This, sir, is the fate of the Catholics of the United States; they are the shuttlecock for the parties of the republics,-threatened by the myrmidons of General Harrison's party to-day, and placed in a false position by Mr. Van Buren's secretary of state the next moment. There is, however, sir, one at least of that body who will not submit to the infliction from either one party or the other, from friend or from foe, without endeavouring, however humble his place in the republic, and however powerless his pen, at least to demand more just conduct towards the body to which he has the honour to belong, even though he may not succeed in obtaining what he seeks.

In my next, sir, I shall give additional reasons to show that our holy father, Pope Gregory XVI., is not the associate of the abolitionists,

and that the Catholics of the South should not be rendered objects of suspicion to their fellow-citizens.

I have the honour to be, sir,

Respectfully,

JOHN, Bishop of Charleston.

LETTER II

CHARLESTON, S. C., Oct. 7, 1840.

To the Hon. John Forsyth, Secretary of State, United States.

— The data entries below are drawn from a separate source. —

lemma prefix_closure_subset:
  assumes "P \<subseteq> B" "\<And>p. p \<in> P \<Longrightarrow> fst p = w"
  shows "prefix_closure w P \<subseteq> B"
proof
  fix q assume "q \<in> prefix_closure w P"
  then consider "q = (w, [])" | p where "p \<in> P" "q = (fst p, snd q)" "prefix (snd q) (snd p)"
    unfolding prefix_closure_def using assms(2) by (auto simp: prod_eq_iff)
  then show "q \<in> B"
  proof cases
    case 2
    then show ?thesis
      using basis_prefix assms(1) by (metis subsetD)
  qed (simp add: trivial_path_in_basis)
qed

lemma common_extension_exists:
  assumes "left_fqcF src tgt C" "finite P" "P \<subseteq> B" "\<And>p. p \<in> P \<Longrightarrow> fst p = w"
  shows "\<exists>y\<in>B. fst y = w \<and> (\<forall>p\<in>P. prefix (snd p) (snd y)) \<and> left_maximal y"
proof -
  let ?N = "prefix_closure w P"
  have "\<And>a b. composable src tgt a b \<Longrightarrow> path_cat a b \<in> ?N \<Longrightarrow> a \<in> ?N"
    by (rule prefix_closure_left_factor)
  then obtain e where sub: "finite_subcomodule src tgt B C ?N e (card ?N)"
    using finite_subcomodule_exists[OF prefix_closure_subset[OF assms(3,4)]
          finite_prefix_closure[OF assms(2)]] by blast
  obtain w0 where w0: "w0 < card ?N" "e w0 = (w, [])"
    using finite_subcomodule.N_enum[OF sub trivial_path_in_prefix_closure] by blast
  interpret rooted_subcomodule src tgt B C ?N e "card ?N" w w0
    using sub w0 by (intro rooted_subcomodule.intro rooted_subcomodule_axioms.intro)
      (simp_all add: prefix_closure_def)
  obtain y where y: "y \<in> B" "fst y = w" "\<forall>p\<in>?N. prefix (snd p) (snd y)" "left_maximal y"
    using common_extension[OF assms(1)] by blast
  have "prefix (snd p) (snd y)" if p: "p \<in> P" for p
  proof -
    have "p \<in> ?N"
      using p assms(4)[OF p] by (rule in_prefix_closure)
    then show ?thesis
      using y(3) by blast
  qed
  then show ?thesis
    using y(1,2,4) by blast
qed

lemma basis_prefix_comparable:
  assumes "left_fqcF src tgt C" "p \<in> B" "q \<in> B" "fst p = fst q"
  shows "prefix (snd p) (snd q) \<or> prefix (snd q) (snd p)"
proof -
  have "\<exists>y\<in>B. fst y = fst p \<and> (\<forall>x\<in>{p, q}. prefix (snd x) (snd y)) \<and> left_maximal y"
    using assms(2-4) by (intro common_extension_exists[OF assms(1)]) auto
  then obtain y :: "('v,'e) path" where "prefix (snd p) (snd y)" "prefix (snd q) (snd y)"
    by blast
  then show ?thesis
    by (rule prefix_same_cases)
qed

lemma continuation_shorter:
  assumes "left_fqcF src tgt C" "y \<in> B" "left_maximal y" "p \<in> B" "snd p = a # rest" "fst y = tgt a"
  shows "length rest < length (snd y)"
proof (rule ccontr)
  assume long: "\<not> length rest < length (snd y)"
  obtain v where p: "p = (v, a # rest)"
    using assms(5) by (cases p) auto
  then have "src a = v" "valid_path src tgt (tgt a, rest)"
    using basis_valid[OF assms(4)] by simp_all
  then have "composable src tgt (v, [a]) (tgt a, rest)"
    by (simp add: composable_def)
  moreover have "path_cat (v, [a]) (tgt a, rest) \<in> B"
    using assms(4) by (simp add: p path_cat_def)
  ultimately have "(tgt a, rest) \<in> B"
    by (rule basis_factors(2))
  then have "prefix (snd y) rest \<or> prefix rest (snd y)"
    using basis_prefix_comparable[OF assms(1,2), of "(tgt a, rest)"] assms(6) by simp
  then have "prefix (snd y) rest"
    using long prefix_same_length by fastforce
  then have "path_cat (v, [a]) y \<in> B"
    using basis_prefix[OF assms(4)] p by (simp add: path_cat_def)
  moreover have "composable src tgt (v, [a]) y"
    using \<open>src a = v\<close> assms(6) basis_valid[OF assms(2)] by (simp add: composable_def)
  ultimately show False
    using assms(3) unfolding left_maximal_def by fastforce
qed

lemma basis_length_bound:
  assumes "left_fqcF src tgt C"
  obtains L where "\<And>p. p \<in> B \<Longrightarrow> fst p = w \<Longrightarrow> length (snd p) \<le> L"
proof (cases "\<exists>p\<in>B. fst p = w \<and> snd p \<noteq> []")
  case False
  then show thesis
    using that[of 0] by auto
next
  case True
  then obtain p1 :: "('v,'e) path" and a0 r1 where p1: "p1 \<in> B" "fst p1 = w" "snd p1 = a0 # r1"
    by (metis neq_Nil_conv)
  obtain y :: "('v,'e) path" where y: "y \<in> B" "fst y = tgt a0" "left_maximal y"
    using common_extension_exists[OF assms, of "{}" "tgt a0"] by auto
  have "length (snd p) \<le> length (snd y)" if p: "p \<in> B" "fst p = w" for p
  proof (cases "snd p")
    case (Cons b rest)
    then have "b = a0"
      using basis_prefix_comparable[OF assms p1(1) p(1)] p1(2,3) p(2) by auto
    then show ?thesis
      using continuation_shorter[OF assms y(1,3) p(1)] Cons y(2) by simp
  qed simp
  then show thesis
    by (rule that)
qed

lemma finite_basis_from:
  assumes "left_fqcF src tgt C"
  shows "finite {p \<in> B. fst p = w}"
proof -
  obtain L where L: "\<And>p. p \<in> B \<Longrightarrow> fst p = w \<Longrightarrow> length (snd p) \<le> L"
    using basis_length_bound[OF assms] by blast
  have "inj_on (\<lambda>p. length (snd p)) {p \<in> B. fst p = w}"
  proof (rule inj_onI)
    fix p q
    assume pq: "p \<in> {p \<in> B. fst p = w}" "q \<in> {p \<in> B. fst p = w}"
      and len: "length (snd p) = length (snd q)"
    then have "prefix (snd p) (snd q) \<or> prefix (snd q) (snd p)"
      using basis_prefix_comparable[OF assms, of p q] by simp
    then have "snd p = snd q"
      using len prefix_same_length[of "snd p" "snd q"] prefix_same_length[of "snd q" "snd p"] by auto
    with pq show "p = q"
      by (simp add: prod_eq_iff)
  qed
  moreover have "(\<lambda>p. length (snd p)) ` {p \<in> B. fst p = w} \<subseteq> {..L}"
    using L by auto
  ultimately show ?thesis
    using inj_on_finite by blast
qed

end

section \<open>Gluing the embeddings of the vertex summands\<close>

definition coords :: "(nat \<Rightarrow> ('v,'e) path) \<Rightarrow> nat \<Rightarrow> (('v,'e) path \<Rightarrow> 'k) \<Rightarrow> nat \<Rightarrow> 'k::zero" where
  "coords e n x = (\<lambda>l. if l < n then x (e l) else 0)"

lemma coords_in_kn: "coords e n x \<in> kn n"
  by (simp add: coords_def kn_def)

lemma coords_add:
  fixes x y :: "('v,'e) path \<Rightarrow> 'k::monoid_add"
  shows "coords e n (\<lambda>p. x p + y p) = (\<lambda>l. coords e n x l + coords e n y l)"
  by (auto simp: coords_def)

context finite_subcomodule
begin

lemma coaction_coords_slice:
  assumes N: "N = {p \<in> B. fst p = v}" and x: "x \<in> C" and l: "l < n"
  shows "\<rho> (coords e n x) (l, p) = comult src tgt x (e l, p)"
proof (cases "\<exists>j<n. idx l p j")
  case True
  then obtain j where j: "j < n" "idx l p j"
    by blast
  have "\<rho> (coords e n x) (l, p) = coords e n x j"
    by (rule coaction_eq_coeff[OF l j])
  with j show ?thesis
    by (simp add: coords_def cat_index_def comult_apply)
next
  case False
  have "x (path_cat (e l) p) = 0" if lp: "composable src tgt (e l) p"
  proof (rule ccontr)
    assume "x (path_cat (e l) p) \<noteq> 0"
    then have "path_cat (e l) p \<in> B"
      using x unfolding mem_C by blast
    moreover have "fst (e l) = v"
      using e_in_N[OF l] N by simp
    ultimately have "path_cat (e l) p \<in> N"
      using N by simp
    then show False
      using N_enum False lp unfolding cat_index_def by metis
  qed
  then show ?thesis
    using coaction_eq_zero[OF False] by (simp add: comult_apply)
qed

lemma coaction_coords:
  assumes "N = {p \<in> B. fst p = v}" "x \<in> C" "f \<in> dual C"
  shows "comod_act \<rho> f (coords e n x) = coords e n (lact src tgt C f x)"
proof
  fix l
  show "comod_act \<rho> f (coords e n x) l = coords e n (lact src tgt C f x) l"
  proof (cases "l < n")
    case True
    then show ?thesis
      using coaction_coords_slice[OF assms(1,2) True] lact_eq[OF assms(2,3)]
      by (simp add: comod_act_def coords_def)
  next
    case False
    then show ?thesis
      using dual_zero[OF assms(3)] by (simp add: comod_act_def coords_def coaction_def)
  qed
qed

end

locale vertexwise_embedding = monomial_coalg src tgt B C
  for src tgt :: "'e \<Rightarrow> 'v" and B and C :: "(('v,'e) path \<Rightarrow> 'k::field) set" +
  fixes ee :: "'v \<Rightarrow> nat \<Rightarrow> ('v,'e) path" and nn :: "'v \<Rightarrow> nat"
    and I :: "'v \<Rightarrow> nat set" and PHI :: "'v \<Rightarrow> (nat \<Rightarrow> 'k) \<Rightarrow> nat \<Rightarrow> (('v,'e) path \<Rightarrow> 'k) \<Rightarrow> 'k"
  assumes subcomodule: "\<And>v. finite_subcomodule src tgt B C {p \<in> B. fst p = v} (ee v) (nn v)"
    and embedding: "\<And>v. free_embedding src tgt C (kn (nn v)) (\<lambda>m m' j. m j + m' j)
                          (comod_act (coaction src tgt (ee v) (nn v))) (I v) (PHI v)"
begin

text \<open>\<open>C\<close> is the direct sum of the subcomodules spanned by the paths starting at a fixed vertex
  \<open>v\<close>; the free module receiving the summand of \<open>v\<close> is indexed by the pairs \<open>((v, []), k)\<close>.\<close>
definition glue :: "(('v,'e) path \<Rightarrow> 'k) \<Rightarrow> ('v,'e) path \<times> nat \<Rightarrow> (('v,'e) path \<Rightarrow> 'k) \<Rightarrow> 'k" where
  "glue x = (\<lambda>(q, k). if snd q = [] then PHI (fst q) (coords (ee (fst q)) (nn (fst q)) x) k else (\<lambda>_. 0))"
(* Fix $p\in(0,1)$ and let $\Phi_{\mathsf{Even}}=\sum_{v\in\mathsf{Even}}2^{-N_p(v)}$, $\Phi_{\mathsf{Odd}}=\sum_{v\in\mathsf{Odd}}2^{-N_p(v)}$. Then: 1. $\mathbb E[\Phi_{\mathsf{Even}}]=\mathbb E[\Phi_{\mathsf{Odd}}]=\tfrac12(2-p)^d$; 2. $\mathrm{Var}(\Phi_{\mathsf{Even}})=\mathrm{Var}(\Phi_{\mathsf{Odd}})=\tfrac12(\tfrac{4-3p}{2})^d(1-o(1))$ as $d\to\infty$; 3. $\mathrm{Cov}(\Phi_{\mathsf{Even}},\Phi_{\mathsf{Odd}})/\mathrm{Var}(\Phi_{\mathsf{Even}})$ decays exponentially in $d$.
   Context: Setup: - $Q_d=\{0,1\}^d$ is the hypercube graph. - $\mathsf{Even}$ and $\mathsf{Odd}$ are the vertices of even and odd Hamming weight. - $Q_{d,p}$ is obtained by retaining each edge independently with probability $p$. - $N_p(v)$ is the number of neighbors of $v$ in $Q_{d,p}$. *)

theory Defs
  imports "HOL-Probability.Probability" "HOL-Library.Landau_Symbols"
begin

definition hc_vertices :: "nat \<Rightarrow> bool list set" where
  "hc_vertices d = {xs. length xs = d}"

definition hweight :: "bool list \<Rightarrow> nat" where
  "hweight xs = length (filter id xs)"

definition hdist :: "bool list \<Rightarrow> bool list \<Rightarrow> nat" where
  "hdist xs ys = length (filter (\<lambda>(a,b). a \<noteq> b) (zip xs ys))"

definition hc_edges :: "nat \<Rightarrow> bool list set set" where
  "hc_edges d = {{u, v} | u v. u \<in> hc_vertices d \<and> v \<in> hc_vertices d \<and> hdist u v = 1}"

definition Even_vertices :: "nat \<Rightarrow> bool list set" where
  "Even_vertices d = {v \<in> hc_vertices d. even (hweight v)}"

definition Odd_vertices :: "nat \<Rightarrow> bool list set" where
  "Odd_vertices d = {v \<in> hc_vertices d. odd (hweight v)}"
(* Let $\mathcal C$ be a pointed category with finite coproducts, $F\colon\mathcal C\to Ab$ a reduced functor and $X\in\mathcal C$. Then $$T_2F(X)=F(X)\Big/\Big\{\big(\nabla^3_*-(\nabla^2r_{12})_*-(\nabla^2r_{13})_*-(\nabla^2r_{23})_*+r_{1*}+r_{2*}+r_{3*}\big)(x)\ :\ x\in F(X\vee X\vee X)\Big\},$$ where $g_*=F(g)$.
   Context: - $\nabla^n\colon X^{\vee n}\to X$ is the folding map. - $r_k\colon X\vee X\vee X\to X$ is the retraction onto the $k$-th summand. - $r_{jk}\colon X\vee X\vee X\to X\vee X$ ($j<k$) maps the $j$-th and $k$-th summands identically onto the first and second summand and the remaining summand to $0$. - For a reduced $F$: $cr_2F(X,Y)=\ker(F(X\vee Y)\to F(X)\oplus F(Y))$ and $cr_3F(X,Y,Z)=cr_2(cr_2F(-,Z))(X,Y)$, a subgroup of $F(X\vee Y\vee Z)$. - $T_2F(X)$ is defined as the cokernel of $cr_3F(X,X,X)\subseteq F(X^{\vee3})\xrightarrow{F(\nabla^3)}F(X)$. *)

theory Defs
  imports "HOL-Algebra.Coset"
begin

record ('o, 'm) pcat =
  Obj :: "'o set"
  Arr :: "'m set"
  Dom :: "'m \<Rightarrow> 'o"
  Cod :: "'m \<Rightarrow> 'o"
  Idm :: "'o \<Rightarrow> 'm"
  Comp :: "'m \<Rightarrow> 'm \<Rightarrow> 'm"   (* Comp g f = g o f *)
  ZeroObj :: "'o"
  Cop :: "'o \<Rightarrow> 'o \<Rightarrow> 'o"
  In1 :: "'o \<Rightarrow> 'o \<Rightarrow> 'm"
  In2 :: "'o \<Rightarrow> 'o \<Rightarrow> 'm"
  Copair :: "'m \<Rightarrow> 'm \<Rightarrow> 'm"
lemma laplacian_kernel_const:
  assumes g: "simple_graph N E" and c: "connected_graph N E"
    and z: "\<forall>v<N. laplacian_apply N E z v = 0" and "a < N" "b < N"
  shows "z a = z b"
proof -
  have "laplacian_form N E z z = 0"
    using z by (simp add: laplacian_form_def)
  then have "(\<Sum>(v, w)\<in>arcs N E. (z v - z w) * (z v - z w)) = 0"
    by (simp add: laplacian_form_arcs[OF g])
  then have "\<forall>p\<in>arcs N E. (\<lambda>(v, w). (z v - z w) * (z v - z w)) p = 0"
    by (subst sum_nonneg_eq_0_iff[OF finite_arcs, symmetric]) (auto simp: case_prod_beta)
  then have arc: "z v = z w" if "(v, w) \<in> arcs N E" for v w
    using that by fastforce
  have "E\<^sup>*\<^sup>* a b"
    using c \<open>a < N\<close> \<open>b < N\<close> by (auto simp: connected_graph_def)
  then show ?thesis
  proof (induction rule: rtranclp_induct)
    case (step u w)
    then have "(u, w) \<in> arcs N E"
      using g by (auto simp: arcs_def simple_graph_def)
    with step.IH arc show ?case by simp
  qed simp
qed

lemma laplacian_apply_diff:
  "laplacian_apply N E (\<lambda>k. x k - y k) v = laplacian_apply N E x v - laplacian_apply N E y v"
  by (simp add: laplacian_apply_def sum_subtractf[symmetric] algebra_simps)

lemma laplacian_apply_matrix:
  assumes "simple_graph N E"
  shows "laplacian_apply N E x v =
    (\<Sum>w<N. (if v = w then real (deg N E v) else if E v w then -1 else 0) * x w)"
proof -
  have irr: "\<not> E u u" for u
    using assms by (auto simp: simple_graph_def)
  have deg0: "deg N E v = 0" if "\<not> v < N"
    using assms that by (auto simp: deg_def simple_graph_def)
  have "(\<Sum>w<N. (if v = w then real (deg N E v) else if E v w then -1 else 0) * x w)
      = (\<Sum>w<N. (if v = w then real (deg N E v) * x w else 0) + (if E v w then - x w else 0))"
    by (rule sum.cong) (auto simp: irr)
  also have "\<dots> = (if v < N then real (deg N E v) * x v else 0) - (\<Sum>w\<in>{w. w < N \<and> E v w}. x w)"
    by (simp add: sum.distrib sum.inter_filter[symmetric] sum_negf Collect_conj_eq lessThan_def)
  also have "\<dots> = laplacian_apply N E x v"
    using deg0 by (cases "v < N") (simp_all add: laplacian_apply_def sum_subtractf deg_def)
  finally show ?thesis ..
qed

text \<open>The Laplacian with its equation at vertex 0 replaced by the normalisation z 0 = 0.\<close>
definition grounded_laplacian :: "nat \<Rightarrow> (nat \<Rightarrow> nat \<Rightarrow> bool) \<Rightarrow> real mat" where
  "grounded_laplacian N E = mat N N (\<lambda>(v, w). if v = 0 then (if w = 0 then 1 else 0)
      else if v = w then real (deg N E v) else if E v w then -1 else 0)"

Sir: I proceed to give additional reasons to show that the letter of our holy father, Pope Gregory XVI., regarded only the "slave-trade." At the late council in Baltimore, that document was formally read and accepted by the prelates of the United States. Did it contain anything contrary to their judgment, respecting faith or morals, it would have been their duty to have respectfully sent their statement of such difference to the Holy See, together with their reasons for such dissent. Did they believe it contained the correct exposition of Christian morality, and were aware that in the ecclesiastical province of the United States, under their charge, there existed practices in opposition to that exposition, it would have been their duty to use their best efforts to have such practices discontinued, and to refuse sacraments to those who would persevere in the immoral conduct which it denounced.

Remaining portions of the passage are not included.